If Allison’s interpretation is rejected, this does not imply that its conclusion, namely that if we had only understanding and lacked sensibility, is wrong.. I want to argue precisely for the truth of Allison’s conclusion, although using a different path. The path that I want to use is that of considering the very understanding itself, with its categories, as a thing-in-itself. I claim both exegetical and logical support for this thesis.

Exegetical support is provided by the fact that Kant writes that “It would be a great stumbling-block or rather would be the one unanswerable objection, to our whole critique, if there were a possibility of knowing a priori that all thinking beings are in themselves simple substances, and that they are conscious of their existence as separate and distinct from all matter. For by such procedure we should have taken a step beyond the world of sense and have entered into the field of noumena (B 409)

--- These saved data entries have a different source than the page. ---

(* Let $p+q=3$. The Hurwitz algebra $(\mathcal{G}(p,q),\bullet,N)$ is classified by the signature as follows. - It is isomorphic to the octonions $\mathbb{O}$ if $(p,q)=(3,0)$. - It is isomorphic to the split-octonions $\mathbb{O}_s$ if $(p,q)\in\{(2,1),(1,2),(0,3)\}$.
   Context: Let $p,q\ge0$ with $p+q=3$. $\mathcal{G}(p,q)$ is the real Clifford (geometric) algebra generated by an orthonormal basis $e_1,e_2,e_3$ with $e_i^2=\lambda_i\in\{\pm1\}$ (exactly $p$ of them $+1$) and $e_ie_j=-e_je_i$ for $i\neq j$. $\langle x\rangle_k$ is the grade-$k$ part. We write $x_+=\langle x\rangle_0+\langle x\rangle_2$ and $x_-=\langle x\rangle_1+\langle x\rangle_3$. Clifford conjugation $\tilde x$ multiplies grades $0,1,2,3$ by $+1,-1,-1,+1$. Full grade inversion is $x^*=2\langle x\rangle_0-x$. The product is $x\bullet y = x_+y_+ + \widetilde{y_-}x_- + y_-x_+ + x_-\widetilde{y_+}$. The quadratic form $N$ is defined by $x\bullet x^*=N(x)1$, where $x\bullet x^*$ is a real scalar. $(\mathcal{G}(p,q),\bullet,N)$ is a unital 8-dimensional algebra with nondegenerate multiplicative quadratic form $N$, i.e. a Hurwitz algebra. Hurwitz algebras are unital real algebras with a nondegenerate quadratic form $n$ satisfying $n(xy)=n(x)n(y)$; the 8-dimensional ones are $\mathbb{O}$ (octonions, the division case) and $\mathbb{O}_s$ (split-octonions). *)

theory Defs
  imports "HOL-Analysis.Analysis"
begin

text \<open>Basis blades e_A, A a subset of {e1,e2,e3}, encoded as bool triples
  (membership of e1, e2, e3).  Multivectors are real vectors indexed by blades.\<close>

type_synonym blade = "bool \<times> bool \<times> bool"
type_synonym mv = "real ^ blade"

In the Transcendental Aesthetic we have proved, beyond
all question, that bodies are mere appearances of our outer sense and not things in themselves. We are therefore justified in saying that our thinking subject is not corporeal; in other words, that, inasmuch as it is represented by us as object of inner sense, it cannot, in so far as it thinks, be an object of outer sense, that is, an appearance in space. This is equivalent to saying that thinking beings, as such, can never be found by us among outer appearances, and that their thoughts, consciousness,desires, etc. , cannot be outwardly intuited. All these belong to inner sense. (A 358)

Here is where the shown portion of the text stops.